Trade-offs / caveats

  • No lazy-loading. The PDF strategy (~430 KB) loads eagerly even if the user never processes a PDF. For the hand-off use case this is fine; for a hosted deploy it would be wasteful.
  • No service worker. The deployed PWA caches itself for offline use after first visit; the standalone HTML is always offline because it never had a network connection to lose.
  • No PWA install. "Add to home screen" requires a service worker. Android users who want a real app icon should install the Android APK; users with a self-hosted PWA deploy can install from there.
  • No favicon. Stripped because <link rel="icon"> would trigger a CORS error in some browsers' console under file://. Cosmetic, no functional impact.
  • No manifest. Same reason.
  • Bigger initial load. 830 KB single file vs ~620 KB across two split chunks. ~30% size penalty for the convenience of a single deliverable.
  • No code-signing / no trust UI. The file is just HTML; the browser will not give it any "trusted app" treatment.

Why not just tell people to install Firefox

Firefox does load ES modules from file:// correctly (it treats same-folder file:// as same-origin). The deployed-style dist/web/ works there. But:

  • Most people don't have Firefox installed.
  • Asking them to install Firefox to use a metadata stripper has a worse UX than handing them one HTML file that works in whatever browser they already have.
  • The trust signal "open this attachment in your browser" beats "go install a different browser first."

The standalone HTML works everywhere, including Firefox, including private/incognito tabs.
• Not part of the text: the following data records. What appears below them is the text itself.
lemma dominated_subspace_extension_slope:
  assumes Q: "convex_on UNIV Q" and G: "dominated_subspace Q G"
  obtains c where "\<And>m r t. (m, r) \<in> G \<Longrightarrow> 0 < t \<Longrightarrow> r + t * c \<le> Q (m + t *\<^sub>R y)"
    and "\<And>m r t. (m, r) \<in> G \<Longrightarrow> 0 < t \<Longrightarrow> r - t * c \<le> Q (m - t *\<^sub>R y)"
proof -
  define L where "L = {(r - Q (m - t *\<^sub>R y)) / t | m r t. (m, r) \<in> G \<and> 0 < t}"
  define U where "U = {(Q (m + t *\<^sub>R y) - r) / t | m r t. (m, r) \<in> G \<and> 0 < t}"
  have LU: "l \<le> u" if "l \<in> L" "u \<in> U" for l u
    using that dominated_subspace_extension_bound[OF Q G] unfolding L_def U_def by blast
  have "(0, 0) \<in> G"
    using G unfolding dominated_subspace_def by (simp add: subspace_0 flip: zero_prod_def)
  then have "(Q (0 + 1 *\<^sub>R y) - 0) / 1 \<in> U" "(0 - Q (0 - 1 *\<^sub>R y)) / 1 \<in> L"
    unfolding L_def U_def using zero_less_one by blast+
  then have "Q y \<in> U" "- Q (- y) \<in> L"
    by simp_all
  define c where "c = Sup L"
  have "l \<le> c" if "l \<in> L" for l
    unfolding c_def using LU \<open>Q y \<in> U\<close> that by (intro cSup_upper bdd_above.I) auto
  moreover have "c \<le> u" if "u \<in> U" for u
    unfolding c_def using LU \<open>- Q (- y) \<in> L\<close> that by (intro cSup_least) auto
  ultimately show ?thesis
  proof (intro that)
    fix m r and t :: real assume "\<And>u. u \<in> U \<Longrightarrow> c \<le> u" "(m, r) \<in> G" "0 < t"
    then have "c \<le> (Q (m + t *\<^sub>R y) - r) / t"
      unfolding U_def by blast
    with \<open>0 < t\<close> show "r + t * c \<le> Q (m + t *\<^sub>R y)"
      by (simp add: le_divide_eq algebra_simps)
  next
    fix m r and t :: real assume "\<And>l. l \<in> L \<Longrightarrow> l \<le> c" "(m, r) \<in> G" "0 < t"
    then have "(r - Q (m - t *\<^sub>R y)) / t \<le> c"
      unfolding L_def by blast
    with \<open>0 < t\<close> show "r - t * c \<le> Q (m - t *\<^sub>R y)"
      by (simp add: divide_le_eq algebra_simps)
  qed
qed

lemma dominated_subspace_extend:
  assumes Q: "convex_on UNIV Q" and G: "dominated_subspace Q G"
  shows "\<exists>G'. dominated_subspace Q G' \<and> G \<subseteq> G' \<and> (\<exists>c. (y, c) \<in> G')"
proof -
  obtain c where c_upper: "\<And>m r t. (m, r) \<in> G \<Longrightarrow> 0 < t \<Longrightarrow> r + t * c \<le> Q (m + t *\<^sub>R y)"
    and c_lower: "\<And>m r t. (m, r) \<in> G \<Longrightarrow> 0 < t \<Longrightarrow> r - t * c \<le> Q (m - t *\<^sub>R y)"
    using dominated_subspace_extension_slope[OF Q G] by blast
  define G' where "G' = {p + q | p q. p \<in> G \<and> q \<in> span {(y, c)}}"
  have G'_iff: "(v, r) \<in> G' \<longleftrightarrow> (\<exists>m r0 t. (m, r0) \<in> G \<and> v = m + t *\<^sub>R y \<and> r = r0 + t * c)"
    for v r
    unfolding G'_def span_singleton by force
  have "(0, 0) \<in> G"
    using G unfolding dominated_subspace_def by (simp add: subspace_0 flip: zero_prod_def)
  have "subspace G'"
    unfolding G'_def using G unfolding dominated_subspace_def by (blast intro: subspace_sums)
  moreover have "r \<le> Q v" if "(v, r) \<in> G'" for v r
  proof -
    obtain m r0 t where v: "v = m + t *\<^sub>R y" "r = r0 + t * c" "(m, r0) \<in> G"
      using \<open>(v, r) \<in> G'\<close> unfolding G'_iff by blast
    consider "0 < t" | "t = 0" | "0 < - t" by linarith
    then show ?thesis
    proof cases
      case 1
      then show ?thesis using c_upper v by simp
    next
      case 2
      then show ?thesis using dominated_subspace_le[OF G] v by simp
    next
      case 3
      then show ?thesis using c_lower[OF v(3) 3] v by simp
    qed
  qed
  moreover have "G \<subseteq> G'"
  proof (rule subrelI)
    fix m r assume "(m, r) \<in> G"
    then show "(m, r) \<in> G'"
      unfolding G'_iff by (intro exI[of _ m] exI[of _ r] exI[of _ 0]) simp
  qed
  moreover have "(y, c) \<in> G'"
    unfolding G'_iff using \<open>(0, 0) \<in> G\<close> by (intro exI[of _ 0] exI[of _ 0] exI[of _ 1]) simp
  ultimately show ?thesis
    unfolding dominated_subspace_def by blast
qed

lemma dominated_subspace_chain_Union:
  assumes "C \<noteq> {}" "subset.chain {G. dominated_subspace Q G} C"
  shows "dominated_subspace Q (\<Union>C)"
proof -
  have C: "\<And>G. G \<in> C \<Longrightarrow> dominated_subspace Q G" "\<And>G H. G \<in> C \<Longrightarrow> H \<in> C \<Longrightarrow> G \<subseteq> H \<or> H \<subseteq> G"
    using assms(2) unfolding subset.chain_def by blast+
  have "subspace (\<Union>C)"
  proof (rule subspaceI)
    show "0 \<in> \<Union>C"
      using assms(1) C(1) unfolding dominated_subspace_def by (blast intro: subspace_0)
  next
    fix p q assume "p \<in> \<Union>C" "q \<in> \<Union>C"
    then obtain G H where "G \<in> C" "H \<in> C" "p \<in> G" "q \<in> H"
      by blast
    with C(2) consider "p \<in> H" | "q \<in> G"
      by blast
    then show "p + q \<in> \<Union>C"
      using C(1) \<open>G \<in> C\<close> \<open>H \<in> C\<close> \<open>p \<in> G\<close> \<open>q \<in> H\<close>
      unfolding dominated_subspace_def by cases (blast intro: subspace_add)+
  next
    fix a p assume "p \<in> \<Union>C"
    with C(1) show "a *\<^sub>R p \<in> \<Union>C"
      unfolding dominated_subspace_def by (blast intro: subspace_scale)
  qed
  with C(1) show ?thesis
    unfolding dominated_subspace_def by blast
qed

lemma dominated_subspace_total_linear:
  assumes G: "dominated_subspace Q G" and total: "\<And>v. \<exists>r. (v, r) \<in> G"
  shows "\<exists>f. linear f \<and> (\<forall>v. f v \<le> Q v)"
proof -
  obtain f where f: "\<And>v. (v, f v) \<in> G"
    using total by metis
  have f_eq: "f v = r" if "(v, r) \<in> G" for v r
    using dominated_subspace_single_valued[OF G f that] .
  have "linear f"
  proof (rule linearI)
    fix u v
    show "f (u + v) = f u + f v"
      using f_eq dominated_subspace_combination[OF G f f, where a=1 and b=1] by simp
  next
    fix a u
    show "f (a *\<^sub>R u) = a *\<^sub>R f u"
      using f_eq dominated_subspace_combination[OF G f f, where a=a and b=0] by simp
  qed
  then show ?thesis
    using dominated_subspace_le[OF G f] by blast
qed

theorem hahn_banach_linear_minorant:
  assumes Q: "convex_on UNIV Q" and "0 \<le> Q 0"
  shows "\<exists>f. linear f \<and> (\<forall>v. f v \<le> Q v)"
proof -
  have "dominated_subspace Q {0}"
    using assms(2) unfolding dominated_subspace_def by (simp add: prod_eq_iff)
  then have "\<exists>M\<in>{G. dominated_subspace Q G}. \<forall>G\<in>{G. dominated_subspace Q G}. M \<subseteq> G \<longrightarrow> G = M"
    by (intro subset_Zorn_nonempty) (auto intro: dominated_subspace_chain_Union)
  then obtain M where M: "dominated_subspace Q M"
    and maximal: "\<And>G. dominated_subspace Q G \<Longrightarrow> M \<subseteq> G \<Longrightarrow> G = M"
    by blast
  have "\<exists>r. (v, r) \<in> M" for v
    using dominated_subspace_extend[OF Q M, of v] maximal by blast
  then show ?thesis
    using dominated_subspace_total_linear[OF M] by blast
qed

lemma bounded_linear_if_upper_bound:
  fixes f :: "'a::real_normed_vector \<Rightarrow> real"
  assumes f: "linear f" and le: "\<And>v. f v \<le> norm v * B"
  shows "bounded_linear f"
proof (rule bounded_linear_intro[where K = B])
  show "f (u + v) = f u + f v" "f (r *\<^sub>R u) = r *\<^sub>R f u" for u v r
    using f by (simp_all add: linear_add linear_scale)
next
  fix v
  have "- f v \<le> norm v * B"
    using le[of "- v"] f by (simp add: linear_neg)
  then show "norm (f v) \<le> norm v * B"
    using le[of v] by simp
qed

lemma infdist_less_obtain:
  assumes "A \<noteq> {}" "infdist x A < d"
  obtains a where "a \<in> A" "dist x a < d"
proof -
  have "(INF a\<in>A. dist x a) < d"
    using assms by (simp add: infdist_notempty)
  then show ?thesis
    using that assms(1) cINF_less_iff[of A "\<lambda>a. dist x a" d] by (auto intro: bdd_belowI2[of _ 0])
qed

lemma convex_on_infdist:
  fixes K :: "'a::real_normed_vector set"
  assumes "convex K"
  shows "convex_on UNIV (\<lambda>x. infdist x K)"
proof (cases "K = {}")
  case True
  then show ?thesis by (simp add: infdist_def convex_on_const)
next
  case False
  show ?thesis
  proof (rule convex_onI)
    fix t :: real and u w :: 'a assume t: "0 < t" "t < 1"
    show "infdist ((1 - t) *\<^sub>R u + t *\<^sub>R w) K \<le> (1 - t) * infdist u K + t * infdist w K"
    proof (rule field_le_epsilon)
      fix e :: real assume "0 < e"
      obtain k1 where k1: "k1 \<in> K" "dist u k1 < infdist u K + e"
        using infdist_less_obtain[OF False, of u "infdist u K + e"] \<open>0 < e\<close> by auto
      obtain k2 where k2: "k2 \<in> K" "dist w k2 < infdist w K + e"
        using infdist_less_obtain[OF False, of w "infdist w K + e"] \<open>0 < e\<close> by auto
      have "(1 - t) *\<^sub>R k1 + t *\<^sub>R k2 \<in> K"
        using assms k1(1) k2(1) t by (simp add: convexD)
      then have "infdist ((1 - t) *\<^sub>R u + t *\<^sub>R w) K
          \<le> dist ((1 - t) *\<^sub>R u + t *\<^sub>R w) ((1 - t) *\<^sub>R k1 + t *\<^sub>R k2)"
        by (rule infdist_le)
      also have "\<dots> = norm ((1 - t) *\<^sub>R (u - k1) + t *\<^sub>R (w - k2))"
        by (simp add: dist_norm algebra_simps)
      also have "\<dots> \<le> (1 - t) * dist u k1 + t * dist w k2"
        using norm_triangle_ineq[of "(1 - t) *\<^sub>R (u - k1)" "t *\<^sub>R (w - k2)"] t
        by (simp add: dist_norm)
      also have "\<dots> \<le> (1 - t) * (infdist u K + e) + t * (infdist w K + e)"
        using k1 k2 t by (intro add_mono mult_left_mono) auto
      finally show "infdist ((1 - t) *\<^sub>R u + t *\<^sub>R w) K \<le> (1 - t) * infdist u K + t * infdist w K + e"
        by (simp add: algebra_simps)
    qed
  qed simp
qed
Privacy invariants — re-verified for this path

  • No server-side processing (§1): the inlined code is the same WASM/pure-TS strategy registry as every other build path. Nothing fetches.
  • Fully offline (§2): the file never makes a network request. Verifiable in DevTools.
  • Forensic verification (§3): unchanged. The strategies are byte-identical to the deployed build.
  • RAW unsupported (§4): unchanged. Same registry.
  • No telemetry, no auto-update (§5): nothing was added. The file has no way to phone home.
  • Timestamps absent or epoch (§6): unchanged. The strategies handle this in the same code paths.